Stored items:

== Segment start ==

(* Under the hypotheses and notation of Theorem 1 (synchronous HSAG with the stated $\gamma,\theta$, conditions $\frac1\kappa+2Lc\eta^2(1+\frac1\beta)\le\frac1n$, $\gamma>0$, $\theta<1$, and $p_j\propto(1-\frac1\kappa)^{m-j}$), suppose moreover that $\bar\theta:=\theta(1+1/\gamma)<1$. Then for all $k\ge 0$, $$\mathbb{E}\big[f(\tilde x^{k})-f(x^* )\big]\le\bar\theta^{\,k}\,\big[f(x^0)-f(x^* )\big].$$
   Context: Setting: $f_1,\dots,f_n:\mathbb{R}^d\to\mathbb{R}$ convex, differentiable, each with $L$-Lipschitz gradient; $f=\frac1n\sum_i f_i$ is $\lambda$-strongly convex with minimizer $x^*$; $S\subseteq[n]$; $c>0,\beta>0,\kappa>1$, $\eta>0$, $m\ge1$; $\gamma=\kappa[1-(1-\frac1\kappa)^m](2c\eta(1-L\eta(1+\beta))-\frac1n-\frac{2c}{\kappa\lambda})$ and $\theta=\max\{\frac{2c}{\gamma\lambda}(1-\frac1\kappa)^m+\frac{2Lc\eta^2}{\gamma}(1+\frac1\beta)\kappa[1-(1-\frac1\kappa)^m],\ (1-\frac1\kappa)^m\}$. Synchronous HSAG algorithm: $x^0\in\mathbb{R}^d$, $\tilde x^0=x^0$, $\alpha_i^0=x^0$. Epoch $k+1$ consists of steps $t=km,\dots,km+m-1$ with $x^{km}=\tilde x^k$. At step $t$, $i_t$ is uniform on $[n]$ independent of the past and $x^{t+1}=x^t-\eta(\nabla f_{i_t}(x^t)-\nabla f_{i_t}(\alpha_{i_t}^t)+\frac1n\sum_i\nabla f_i(\alpha_i^t))$. For $i\in S$: $\alpha_i^{t+1}=x^t$ if $i_t=i$, else $\alpha_i^{t+1}=\alpha_i^t$; for $i\notin S$: $\alpha_i^t=\tilde x^k$ throughout epoch $k+1$. At epoch end, $\tilde x^{k+1}$ is chosen from $\{x^{km},\dots,x^{km+m-1}\}$, picking $x^{km+j-1}$ with probability $p_j$, and $x^{(k+1)m}:=\tilde x^{k+1}$. *)

theory Defs
  imports "HOL-Analysis.Analysis" "HOL-Probability.Probability"
begin

definition strongly_convex :: "real \<Rightarrow> ('a::real_normed_vector \<Rightarrow> real) \<Rightarrow> bool" where
  "strongly_convex lam F \<longleftrightarrow>
     (\<forall>x y t. 0 \<le> t \<and> t \<le> 1 \<longrightarrow>
        F ((1 - t) *\<^sub>R x + t *\<^sub>R y) \<le> (1 - t) * F x + t * F y - lam / 2 * t * (1 - t) * (norm (x - y))\<^sup>2)"

text \<open>One HSAG inner step with chosen component i: returns (x^{t+1}, alpha^{t+1}).
  g i is the gradient of f_i; components are indexed by {..<n}.\<close>
definition hsag_update ::
  "nat \<Rightarrow> (nat \<Rightarrow> 'a::real_inner \<Rightarrow> 'a) \<Rightarrow> nat set \<Rightarrow> real \<Rightarrow> nat \<Rightarrow> 'a \<Rightarrow> (nat \<Rightarrow> 'a) \<Rightarrow> 'a \<times> (nat \<Rightarrow> 'a)" where
  "hsag_update n g S \<eta> i x \<alpha> =
     (x - \<eta> *\<^sub>R (g i x - g i (\<alpha> i) + (1 / real n) *\<^sub>R (\<Sum>j<n. g j (\<alpha> j))),
      (if i \<in> S then \<alpha>(i := x) else \<alpha>))"

text \<open>Run r inner steps from (x, alpha); returns the distribution of
  (list of visited iterates [x^t, ..., x^{t+r-1}], final alpha).\<close>
fun hsag_run ::
  "nat \<Rightarrow> (nat \<Rightarrow> 'a::real_inner \<Rightarrow> 'a) \<Rightarrow> nat set \<Rightarrow> real \<Rightarrow> nat \<Rightarrow> 'a \<Rightarrow> (nat \<Rightarrow> 'a) \<Rightarrow> ('a list \<times> (nat \<Rightarrow> 'a)) pmf" where
  "hsag_run n g S \<eta> 0 x \<alpha> = return_pmf ([], \<alpha>)"
| "hsag_run n g S \<eta> (Suc r) x \<alpha> =
     bind_pmf (pmf_of_set {..<n}) (\<lambda>i.
       case hsag_update n g S \<eta> i x \<alpha> of (x', \<alpha>') \<Rightarrow>
         map_pmf (\<lambda>(xs, \<alpha>''). (x # xs, \<alpha>'')) (hsag_run n g S \<eta> r x' \<alpha>'))"

text \<open>One epoch: state (x-tilde^k, alpha) where alpha stores the table entries of
  indices in S (entries outside S are reset to x-tilde^k). The snapshot
  x-tilde^{k+1} is x^{km+j-1} with j drawn from the pmf p on {1..m}.\<close>
definition hsag_epoch ::
  "nat \<Rightarrow> (nat \<Rightarrow> 'a::real_inner \<Rightarrow> 'a) \<Rightarrow> nat set \<Rightarrow> real \<Rightarrow> nat \<Rightarrow> nat pmf \<Rightarrow> 'a \<times> (nat \<Rightarrow> 'a) \<Rightarrow> ('a \<times> (nat \<Rightarrow> 'a)) pmf" where
  "hsag_epoch n g S \<eta> m p st =
     (case st of (xt, \<alpha>) \<Rightarrow>
       bind_pmf (hsag_run n g S \<eta> m xt (\<lambda>i. if i \<in> S then \<alpha> i else xt)) (\<lambda>(xs, \<alpha>').
         map_pmf (\<lambda>j. (xs ! (j - 1), \<alpha>')) p))"

definition hsag_state ::
  "nat \<Rightarrow> (nat \<Rightarrow> 'a::real_inner \<Rightarrow> 'a) \<Rightarrow> nat set \<Rightarrow> real \<Rightarrow> nat \<Rightarrow> nat pmf \<Rightarrow> 'a \<Rightarrow> nat \<Rightarrow> ('a \<times> (nat \<Rightarrow> 'a)) pmf" where
  "hsag_state n g S \<eta> m p x0 k =
     ((\<lambda>D. bind_pmf D (hsag_epoch n g S \<eta> m p)) ^^ k) (return_pmf (x0, \<lambda>_. x0))"

end

theory Submission
  imports Defs
begin

text \<open>
  Let D_i(y) = f_i(y) - f_i(x*) - <g_i(x*), y - x*> be the Bregman divergences at the optimum.
  Smoothness and convexity give |g_i(y) - g_i(x*)|^2 <= 2 L D_i(y), and the D_i average to
  f(y) - f(x*) because the gradients at x* sum to zero. For the Lyapunov function
  Phi(x, alpha) = c |x - x*|^2 + (1/n) sum_{i in S} D_i(alpha_i), one inner step gives in expectation
    Phi' <= (1 - 1/kappa) Phi - A (f(x) - f(x*)) + B (1/n) sum_{i notin S} D_i(x~),
  the table entries outside S being frozen at the snapshot x~. Unrolled over an epoch, the
  iterates are weighted by (1 - 1/kappa)^(m-j), which is exactly the snapshot distribution p;
  with strong convexity absorbing the distance term,
  V = gamma (f(x~) - f(x*)) + (1/n) sum_{i in S} D_i(alpha_i) therefore contracts by theta per epoch.
  Finally gamma (f - f(x*)) <= V and V <= (gamma + 1) (f(x0) - f(x*)) initially.
\<close>

lemma has_real_derivative_along_line:
  fixes F :: "'a::real_inner \<Rightarrow> real"
  assumes "\<And>z. (F has_derivative (\<lambda>h. G z \<bullet> h)) (at z)"
  shows "((\<lambda>t. F (x + t *\<^sub>R d)) has_real_derivative G (x + t *\<^sub>R d) \<bullet> d) (at t)"
proof -
  have "((\<lambda>t. x + t *\<^sub>R d) has_derivative (\<lambda>h. h *\<^sub>R d)) (at t)"
    by (auto intro!: derivative_eq_intros)
  from has_derivative_compose[OF this assms]
  have "((\<lambda>t. F (x + t *\<^sub>R d)) has_derivative (\<lambda>h. G (x + t *\<^sub>R d) \<bullet> (h *\<^sub>R d))) (at t)"
    by (simp add: o_def)
  then show ?thesis
    unfolding has_field_derivative_def by (rule has_derivative_eq_rhs) (auto simp: fun_eq_iff)
qed

lemma convex_on_gradient_inequality:
  fixes F :: "'a::real_inner \<Rightarrow> real"
  assumes cvx: "convex_on UNIV F" and deriv: "\<And>z. (F has_derivative (\<lambda>h. G z \<bullet> h)) (at z)"
  shows "F x + G x \<bullet> (y - x) \<le> F y"
proof -
  let ?\<phi> = "\<lambda>t. F (x + t *\<^sub>R (y - x))"
  have "convex_on UNIV ?\<phi>"
  proof (rule convex_onI)
    fix u s t :: real assume "0 < u" "u < 1"
    moreover have "x + ((1 - u) *\<^sub>R s + u *\<^sub>R t) *\<^sub>R (y - x)
        = (1 - u) *\<^sub>R (x + s *\<^sub>R (y - x)) + u *\<^sub>R (x + t *\<^sub>R (y - x))"
      by (simp add: algebra_simps)
    ultimately show "?\<phi> ((1 - u) *\<^sub>R s + u *\<^sub>R t) \<le> (1 - u) * ?\<phi> s + u * ?\<phi> t"
      using convex_onD[OF cvx, of u] by auto
  qed simp
  moreover have "(?\<phi> has_real_derivative G x \<bullet> (y - x)) (at 0)"
    using has_real_derivative_along_line[OF deriv, of x "y - x" 0] by simp
  ultimately have "G x \<bullet> (y - x) * (1 - 0) \<le> ?\<phi> 1 - ?\<phi> 0"
    by (intro convex_on_imp_above_tangent) auto
  then show ?thesis by simp
qed

lemma lipschitz_gradient_upper_bound:
  fixes F :: "'a::real_inner \<Rightarrow> real"
  assumes deriv: "\<And>z. (F has_derivative (\<lambda>h. G z \<bullet> h)) (at z)"
    and lip: "\<And>u v. norm (G u - G v) \<le> L * norm (u - v)"
  shows "F y \<le> F x + G x \<bullet> (y - x) + L / 2 * (norm (y - x))\<^sup>2"
proof -
  let ?d = "y - x"
  let ?\<psi> = "\<lambda>t. F (x + t *\<^sub>R ?d) - t * (G x \<bullet> ?d) - L / 2 * t\<^sup>2 * (norm ?d)\<^sup>2"
  have "?\<psi> 1 \<le> ?\<psi> 0"
  proof (rule DERIV_nonpos_imp_nonincreasing[where f = ?\<psi>])
    fix t :: real assume t: "0 \<le> t" "t \<le> 1"
    let ?D = "G (x + t *\<^sub>R ?d) \<bullet> ?d - G x \<bullet> ?d - L * t * (norm ?d)\<^sup>2"
    have "(?\<psi> has_real_derivative ?D) (at t)"
      using has_real_derivative_along_line[OF deriv, of x ?d t]
      by (auto intro!: derivative_eq_intros)
    moreover have "G (x + t *\<^sub>R ?d) \<bullet> ?d - G x \<bullet> ?d \<le> L * t * (norm ?d)\<^sup>2"
    proof -
      have "G (x + t *\<^sub>R ?d) \<bullet> ?d - G x \<bullet> ?d \<le> norm (G (x + t *\<^sub>R ?d) - G x) * norm ?d"
        by (metis inner_diff_left norm_cauchy_schwarz)
      also have "\<dots> \<le> L * norm (t *\<^sub>R ?d) * norm ?d"
        using lip[of "x + t *\<^sub>R ?d" x] by (intro mult_right_mono) auto
      finally show ?thesis
        using t by (simp add: power2_eq_square mult.assoc)
    qed
    ultimately show "\<exists>D. (?\<psi> has_real_derivative D) (at t) \<and> D \<le> 0"
      by (intro exI[of _ ?D]) auto
  qed simp
  then show ?thesis by simp
qed

text \<open>Co-coercivity in Bregman form: descend from \<open>y\<close> along the gradient of the convex
  function \<open>F - \<langle>G x, \<cdot>\<rangle>\<close>, which is minimal at \<open>x\<close>.\<close>
lemma lipschitz_gradient_bregman_bound:
  fixes F :: "'a::real_inner \<Rightarrow> real"
  assumes cvx: "convex_on UNIV F" and deriv: "\<And>z. (F has_derivative (\<lambda>h. G z \<bullet> h)) (at z)"
    and lip: "\<And>u v. norm (G u - G v) \<le> L * norm (u - v)" and L: "L \<ge> 0"
  shows "(norm (G y - G x))\<^sup>2 \<le> 2 * L * (F y - F x - G x \<bullet> (y - x))"
proof (cases "L = 0")
  case True
  then show ?thesis using lip[of y x] by simp
next
  case False
  with L have L_pos: "L > 0" by simp
  define \<phi> where "\<phi> z = F z - G x \<bullet> z" for z
  define H where "H z = G z - G x" for z
  define y' where "y' = y - (1 / L) *\<^sub>R H y"
  have "(\<phi> has_derivative (\<lambda>h. H z \<bullet> h)) (at z)" for z
    unfolding \<phi>_def H_def inner_diff_left
    by (intro has_derivative_diff deriv bounded_linear_imp_has_derivative bounded_linear_inner_right)
  moreover have "norm (H u - H v) \<le> L * norm (u - v)" for u v
    unfolding H_def using lip[of u v] by simp
  ultimately have "\<phi> y' \<le> \<phi> y + H y \<bullet> (y' - y) + L / 2 * (norm (y' - y))\<^sup>2"
    by (rule lipschitz_gradient_upper_bound)
  also have "\<dots> = \<phi> y - (norm (H y))\<^sup>2 / (2 * L)"
    using L_pos unfolding y'_def
    by (simp add: power2_norm_eq_inner[symmetric] power_mult_distrib field_simps power2_eq_square)
  finally have "\<phi> y' \<le> \<phi> y - (norm (H y))\<^sup>2 / (2 * L)" .
  moreover have "\<phi> x \<le> \<phi> y'"
    using convex_on_gradient_inequality[OF cvx deriv, of x y'] unfolding \<phi>_def by (simp add: inner_diff_right)
  moreover have "F y - F x - G x \<bullet> (y - x) = \<phi> y - \<phi> x"
    unfolding \<phi>_def by (simp add: inner_diff_right)
  ultimately have "(norm (H y))\<^sup>2 / (2 * L) \<le> F y - F x - G x \<bullet> (y - x)" by linarith
  then show ?thesis
    using L_pos unfolding H_def by (simp add: field_simps)
qed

== Segment end ==

● GOAL OF THE EXERCISE: Nothing but the lines above from the one containing "(list of visited" through the one containing "text \<open>One epoch: state" should appear in the answer, each repeated exactly.

● THE COMPLETED TASK:
  (list of visited iterates [x^t, ..., x^{t+r-1}], final alpha).\<close>
fun hsag_run ::
  "nat \<Rightarrow> (nat \<Rightarrow> 'a::real_inner \<Rightarrow> 'a) \<Rightarrow> nat set \<Rightarrow> real \<Rightarrow> nat \<Rightarrow> 'a \<Rightarrow> (nat \<Rightarrow> 'a) \<Rightarrow> ('a list \<times> (nat \<Rightarrow> 'a)) pmf" where
  "hsag_run n g S \<eta> 0 x \<alpha> = return_pmf ([], \<alpha>)"
| "hsag_run n g S \<eta> (Suc r) x \<alpha> =
     bind_pmf (pmf_of_set {..<n}) (\<lambda>i.
       case hsag_update n g S \<eta> i x \<alpha> of (x', \<alpha>') \<Rightarrow>
         map_pmf (\<lambda>(xs, \<alpha>''). (x # xs, \<alpha>'')) (hsag_run n g S \<eta> r x' \<alpha>'))"

text \<open>One epoch: state (x-tilde^k, alpha) where alpha stores the table entries of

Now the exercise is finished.